Sujet : Re: Decoding bytes to text strings in Python 2
De : usenet202101 (at) *nospam* magic-cookie.co.ukNOSPAMPLEASE (Rayner Lucas)
Groupes : comp.lang.pythonDate : 22. Jun 2024, 14:26:00
Autres entêtes
Organisation : The Lumber Cartel (TINLC)
Message-ID : <MPG.40e0d331681f012e9896e1@news.eternal-september.org>
References : 1 2
User-Agent : MicroPlanet-Gravity/3.0.4
In article <
Text-20240621184010@ram.dialup.fu-berlin.de>,
ram@zedat.fu-berlin.de says...
I didn't really do a super thorough deep dive on this,
but I'm just giving the initial impression without
actually being familiar with Tkinter under Python 2,
so I might be wrong!
The Text widget typically expects text in Tcl encoding,
which is usually UTF-8.
This is independent of the result returned by sys.get-
defaultencoding()!
If a UTF-8 string is inserted directly as a bytes object,
its code points will be displayed correctly by the Text
widget as long as they are in the BMP (Basic Multilingual
Plane), as you already found out yourself.
Many thanks, you've helped me greatly in understanding what's happening.
When I tried running my example code on a different system (Python
2.7.18 on Linux, with Tcl/Tk 8.5), I got the error:
_tkinter.TclError: character U+1f40d is above the range (U+0000-U+FFFF)
allowed by Tcl
So, as your reply suggests, the problem is ultimately a limitation of
Tcl/Tk itself.
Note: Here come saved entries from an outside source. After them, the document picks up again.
lemma P_reducible_le_8:
  assumes "reducible_Q f" "degree f \<le> 5"
  shows "P f \<le> 8"
proof -
  obtain G H where GH: "f = G * H" "degree G \<ge> 1" "degree H \<ge> 1"
    "degree G + degree H = degree f"
    using assms(1) by (rule reducible_QE)
  have "P f \<le> unit_args_bound (degree G) + unit_args_bound (degree H)"
    using P_mult_le[OF GH(2,3)] GH(1) by simp
  then show ?thesis
    using GH(2-4) assms(2) by (auto simp: unit_args_bound_def min_def max_def split: if_splits)
qed

section \<open>Primes congruent to 1\<close>

lemma ord_eq_if_not_cong_div_prime:
  fixes n a A :: nat
  assumes "A > 0" "[a ^ A = 1] (mod n)"
    and "\<And>q. prime q \<Longrightarrow> q dvd A \<Longrightarrow> \<not> [a ^ (A div q) = 1] (mod n)"
  shows "ord n a = A"
proof (rule ccontr)
  assume "ord n a \<noteq> A"
  from assms(2) have "ord n a dvd A" by (rule ord_divides[THEN iffD1])
  then obtain k where k: "A = ord n a * k" by (elim dvdE)
  with \<open>ord n a \<noteq> A\<close> have "k \<noteq> 1" by auto
  then obtain q where q: "prime q" "q dvd k" using prime_factor_nat by blast
  then have "A div q = ord n a * (k div q)" using k by (simp add: div_mult_swap)
  then have "ord n a dvd A div q" by simp
  then have "[a ^ (A div q) = 1] (mod n)" by (rule ord_divides[THEN iffD2])
  moreover have "q dvd A" using q k by simp
  ultimately show False using assms(3) q(1) by blast
qed

definition xpow_minus_one :: "nat \<Rightarrow> 'a::comm_ring_1 poly" where
  "xpow_minus_one k = Polynomial.monom 1 k - 1"

lemma poly_xpow_minus_one [simp]: "poly (xpow_minus_one k) x = x ^ k - 1"
  by (simp add: xpow_minus_one_def poly_monom)

lemma map_poly_of_int_xpow_minus_one [simp]:
  "map_poly of_int (xpow_minus_one k) = (xpow_minus_one k :: 'a::comm_ring_1 poly)"
  by (rule poly_eqI) (simp add: xpow_minus_one_def coeff_map_poly)

lemma xpow_minus_one_dvd:
  assumes "d dvd k"
  shows "xpow_minus_one d dvd xpow_minus_one k"
proof -
  obtain m where "k = d * m" using assms by (elim dvdE)
  then have "xpow_minus_one k = Polynomial.monom 1 d ^ m - 1"
    by (simp add: xpow_minus_one_def monom_power)
  also have "\<dots> = (Polynomial.monom 1 d - 1) * (\<Sum>i<m. Polynomial.monom 1 d ^ i)"
    by (rule power_diff_1_eq)
  finally have "xpow_minus_one k = xpow_minus_one d * (\<Sum>i<m. Polynomial.monom 1 d ^ i)"
    by (simp add: xpow_minus_one_def)
  then show ?thesis by (rule dvdI)
qed

lemma cis_root_of_unity_pow_ne_1:
  assumes "0 < k" "k < A"
  shows "cis (2 * pi / real A) ^ k \<noteq> 1"
proof
  assume "cis (2 * pi / real A) ^ k = 1"
  then have "cos (real k * (2 * pi / real A)) = 1" by (simp add: DeMoivre complex_eq_iff)
  then obtain n :: int where "real k * (2 * pi / real A) = real_of_int n * 2 * pi"
    using cos_one_2pi_int by blast
  then have "real_of_int (int k) = real_of_int (n * int A)" using assms by (simp add: field_simps)
  then have k_eq: "int k = n * int A" by (simp only: of_int_eq_iff)
  show False
  proof (cases "n \<le> 0")
    case True
    then have "n * int A \<le> 0" by (simp add: mult_nonpos_nonneg)
    then show False using k_eq assms by linarith
  next
    case False
    then have "1 * int A \<le> n * int A" by (intro mult_right_mono) simp_all
    then show False using k_eq assms by linarith
  qed
qed

lemma xpow_minus_one_not_dvd_prod:
  assumes "finite I" "A > 0" "\<And>i. i \<in> I \<Longrightarrow> 0 < e i \<and> e i < A"
  shows "\<not> xpow_minus_one A dvd (\<Prod>i\<in>I. xpow_minus_one (e i) :: int poly)"
proof
  assume "xpow_minus_one A dvd (\<Prod>i\<in>I. xpow_minus_one (e i) :: int poly)"
  then obtain K where K: "(\<Prod>i\<in>I. xpow_minus_one (e i)) = xpow_minus_one A * (K :: int poly)" ..
  define z where "z = cis (2 * pi / real A)"
  have "(\<Prod>i\<in>I. z ^ e i - 1) = poly (map_poly of_int (\<Prod>i\<in>I. xpow_minus_one (e i))) z"
    by (simp add: map_poly_of_int_prod poly_prod)
  also have "\<dots> = (z ^ A - 1) * poly (map_poly of_int K) z"
    by (simp add: K map_poly_of_int_mult)
  also have "z ^ A = 1" using assms(2) by (simp add: z_def DeMoivre)
  finally obtain i where "i \<in> I" "z ^ e i = 1" using assms(1) by auto
  then show False using assms(3) cis_root_of_unity_pow_ne_1 unfolding z_def by blast
qed

text \<open>\<open>R\<close> is the cyclotomic polynomial \<open>\<Phi>\<^sub>A\<close> up to sign, but only its nonconstancy
  and the divisibility of \<open>P\<close> are needed.\<close>
lemma xpow_minus_one_cofactor:
  assumes "A > 0"
  obtains P R :: "int poly" where "xpow_minus_one A = P * R" "degree R \<ge> 1"
    "\<And>q. prime q \<Longrightarrow> q dvd A \<Longrightarrow> xpow_minus_one (A div q) dvd P"
proof -
  define X :: "int poly" where "X = xpow_minus_one A"
  define Pi :: "int poly" where "Pi = (\<Prod>q\<in>prime_factors A. xpow_minus_one (A div q))"
  define P where "P = gcd X Pi"
  have small: "0 < A div q \<and> A div q < A" if "q \<in> prime_factors A" for q
    using that assms prime_gt_1_nat[of q]
      by (auto simp: in_prime_factors_iff intro: div_less_dividend)
  have "\<not> X dvd Pi" unfolding X_def Pi_def
    by (rule xpow_minus_one_not_dvd_prod) (use assms small in simp_all)
  have "P dvd X" by (simp add: P_def)
  then obtain R where XPR: "X = P * R" by (elim dvdE)
  have P_multiple: "xpow_minus_one (A div q) dvd P" if "prime q" "q dvd A" for q
  proof -
    have "q \<in> prime_factors A" using that assms by (simp add: in_prime_factors_iff)
    then have "xpow_minus_one (A div q) dvd Pi" unfolding Pi_def by (intro dvd_prodI) simp_all
    moreover have "xpow_minus_one (A div q) dvd X"
      unfolding X_def
        using that by (intro xpow_minus_one_dvd) (metis dvd_div_mult_self dvd_triv_left)
    ultimately show ?thesis unfolding P_def by (rule gcd_greatest[rotated])
  qed
  have "degree R \<ge> 1"
  proof (rule ccontr)
    assume "\<not> degree R \<ge> 1"
    then have R_const: "R = [:Polynomial.coeff R 0:]" by (simp add: degree_0_id)
    have "Polynomial.coeff X 0 = -1" using assms by (simp add: X_def xpow_minus_one_def)
    then have "Polynomial.coeff R 0 dvd 1"
      using XPR by (metis coeff_mult_0 dvd_minus_iff dvd_triv_right)
    then have "is_unit R" by (subst R_const) (simp add: is_unit_const_poly_iff)
    then have "X dvd P" using XPR by (simp add: mult_unit_dvd_iff)
    then have "X dvd Pi" by (simp add: P_def)
    with \<open>\<not> X dvd Pi\<close> show False ..
  qed
  then show thesis using that XPR P_multiple unfolding X_def by blast
qed

lemma finite_poly_abs_le_1:
  fixes R :: "int poly"
  assumes "degree R \<ge> 1"
  shows "finite {x. \<bar>poly R x\<bar> \<le> 1}"
proof -
  have "{x. \<bar>poly R x\<bar> \<le> 1} = {x. poly R x = -1} \<union> {x. poly R x = 0} \<union> {x. poly R x = 1}"
    by auto
  then show ?thesis using finite_poly_level_set[OF assms] by simp
qed

text \<open>If \<open>p\<close> divided \<open>b - 1\<close> for \<open>b = a ^ (A div q)\<close>, it would also divide
  \<open>(b ^ q - 1) / (b - 1) = 1 + b + \<dots> + b ^ (q - 1) \<equiv> q\<close>, so \<open>p = q\<close> would divide \<open>a\<close>.\<close>
lemma ord_prime_divisor_of_cofactor:
  fixes P R :: "int poly" and a p :: nat
  assumes X: "xpow_minus_one A = P * R"
    and P: "\<And>q. prime q \<Longrightarrow> q dvd A \<Longrightarrow> xpow_minus_one (A div q) dvd P"
    and "A > 0" "A dvd a" "a \<ge> 2" "prime p" "int p dvd poly R (int a)"
  shows "ord p a = A"
proof (rule ord_eq_if_not_cong_div_prime[OF \<open>A > 0\<close>])
  have "int p dvd int a ^ A - 1" using arg_cong[OF X, of "\<lambda>f. poly f (int a)"] assms(7) by simp
  then show a_pow: "[a ^ A = 1] (mod p)" by (simp add: cong_iff_dvd_diff flip: cong_int_iff)
  fix q :: nat assume q: "prime q" "q dvd A"
  show "\<not> [a ^ (A div q) = 1] (mod p)"
  proof
    assume "[a ^ (A div q) = 1] (mod p)"
    define b where "b = int a ^ (A div q)"
    have "[b = 1] (mod int p)"
      using \<open>[a ^ (A div q) = 1] (mod p)\<close> by (simp add: b_def flip: cong_int_iff)
    define Y where "Y = (\<Sum>i<q. b ^ i)"
    have "int a ^ A = b ^ q" using q(2) by (simp add: b_def flip: power_mult)
    then have "int a ^ A - 1 = (b - 1) * Y" by (simp add: Y_def power_diff_1_eq)
    moreover obtain M where "P = xpow_minus_one (A div q) * M" using P[OF q] by (elim dvdE)
    then have "int a ^ A - 1 = (b - 1) * (poly M (int a) * poly R (int a))"
      using arg_cong[OF X, of "\<lambda>f. poly f (int a)"] by (simp add: b_def)
    moreover have "b \<ge> 2"
    proof -
      have "A div q > 0" using q \<open>A > 0\<close> prime_gt_0_nat[of q]
        by (simp add: div_greater_zero_iff dvd_imp_le)
      then have "int a ^ 1 \<le> b" unfolding b_def using \<open>a \<ge> 2\<close> by (intro power_increasing) simp_all
      then show ?thesis using \<open>a \<ge> 2\<close> by simp
    qed
    ultimately have "Y = poly M (int a) * poly R (int a)" by simp
    then have "int p dvd Y" using assms(7) by simp
    moreover have "[Y = (\<Sum>i<q. 1 ^ i)] (mod int p)"
      unfolding Y_def using \<open>[b = 1] (mod int p)\<close> by (intro cong_sum cong_pow)
    ultimately have "int p dvd int q" by (simp add: cong_dvd_iff)
    then have "p = q" using \<open>prime p\<close> q(1) by (simp add: primes_dvd_imp_eq)
    then have "p dvd a" using q(2) \<open>A dvd a\<close> by (metis dvd_trans)
    then have "p dvd a ^ A" using \<open>A > 0\<close> dvd_power[of A a] dvd_trans by blast
    then show False using a_pow \<open>prime p\<close> by (simp add: cong_0_iff cong_dvd_iff)
  qed
qed

lemma exists_prime_1_mod:
  fixes A :: nat
  assumes "A > 0"
  shows "\<exists>p. prime p \<and> A dvd p - 1"
proof -
  obtain P R :: "int poly" where X: "xpow_minus_one A = P * R" and R: "degree R \<ge> 1"
    and P: "\<And>q. prime q \<Longrightarrow> q dvd A \<Longrightarrow> xpow_minus_one (A div q) dvd P"
    using xpow_minus_one_cofactor[OF assms] by metis
  define S where "S = (\<lambda>t. int (A * t)) -` {x. \<bar>poly R x\<bar> \<le> 1}"
  have "finite S" unfolding S_def
    using finite_poly_abs_le_1[OF R] assms by (intro finite_vimageI) (auto simp: inj_def)
  then obtain t where t: "t \<notin> S \<union> {0, 1}"
    using ex_new_if_finite[OF infinite_UNIV_nat, of "S \<union> {0, 1}"] by auto
  define a where "a = A * t"
  have "1 * 2 \<le> a" unfolding a_def using assms t by (intro mult_le_mono) auto
  then have "a \<ge> 2" by simp
  have "\<bar>poly R (int a)\<bar> > 1" using t by (simp add: S_def a_def)
  then have "nat \<bar>poly R (int a)\<bar> \<noteq> 1" by linarith
  then obtain p where p: "prime p" "p dvd nat \<bar>poly R (int a)\<bar>"
    using prime_factor_nat by blast
  then have "int p dvd poly R (int a)" by simp
  then have ord: "ord p a = A"
    using ord_prime_divisor_of_cofactor[OF X P assms _ \<open>a \<ge> 2\<close> p(1)] by (simp add: a_def)
  then have "coprime p a" using assms ord_gt_0_iff[of p a] by simp
  then have "A dvd totient p" using order_divides_totient[of p a] ord by simp
  then show ?thesis using p(1) totient_prime[of p] by auto
qed

section \<open>Constructions\<close>

lemma exists_P_ge_card_prime_roots:
  fixes K :: "int poly" and Z :: "int set"
  assumes K: "degree K \<ge> 1" "poly K (-1) = poly K 1" "poly K 1 \<noteq> 0"
    and Z: "finite Z" "\<And>z. z \<in> Z \<Longrightarrow> poly K z = 0 \<and> prime \<bar>z\<bar>"
  shows "\<exists>f. degree f = degree K + 1 \<and> reducible_Q f \<and> card Z + 2 \<le> P f"
proof -
  obtain p where p: "prime p" "nat \<bar>poly K 1\<bar> dvd p - 1"
    using exists_prime_1_mod[of "nat \<bar>poly K 1\<bar>"] K(3) by auto
  have "int (nat \<bar>poly K 1\<bar>) dvd int (p - 1)" using p(2) by (simp only: int_dvd_int_iff)
  moreover have "int (p - 1) = int p - 1" using prime_ge_1_nat[OF p(1)] by simp
  ultimately have "poly K 1 dvd int p - 1" by simp
  then obtain c where "int p - 1 = poly K 1 * c" by (elim dvdE)
  then have c: "int p = 1 + poly K 1 * c" by simp
  have "c \<noteq> 0" using c prime_ge_2_nat[OF p(1)] by auto
  define H where "H = 1 + Polynomial.smult c K"
  define f where "f = [:0, 1:] * H"
  have poly_f: "poly f x = x * (1 + c * poly K x)" for x by (simp add: f_def H_def)
  have "degree H = degree K"
    unfolding H_def using K(1) \<open>c \<noteq> 0\<close> by (subst degree_add_eq_right) simp_all
  moreover have "H \<noteq> 0" using calculation K(1) by auto
  ultimately have deg: "degree f = degree K + 1" and red: "reducible_Q f"
    using K(1) unfolding f_def
      by (simp_all add: degree_mult_eq reducible_Q_mult del: mult_pCons_left)
  have "poly f 1 = int p" "poly f (-1) = - int p"
    using c K(2) by (simp_all add: poly_f mult.commute)
  then have "{1, -1} \<subseteq> prime_args f" using p(1) by (simp add: prime_args_def)
  moreover have "Z \<subseteq> prime_args f" using Z(2) by (simp add: prime_args_def poly_f subset_iff)
  moreover have "1 \<notin> Z" "-1 \<notin> Z" using Z(2)[of 1] Z(2)[of "-1"] by auto
  then have "card (Z \<union> {1, -1}) = card Z + 2" using Z(1) by simp
  ultimately have "card Z + 2 \<le> P f" using P_ge_card[OF red, of "Z \<union> {1, -1}"] by simp
  then show ?thesis using deg red by blast
qed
Perhaps I should have spent more time studying the docs
for that instead of puzzling over the details of character encodings in
Python! I'm not sure why it doesn't give the same error on Windows, but
at least now I know where the root of the issue is.
I am now much better informed about how to migrate the code I'm working
on, so I am very grateful for your help.
Thanks,
Rayner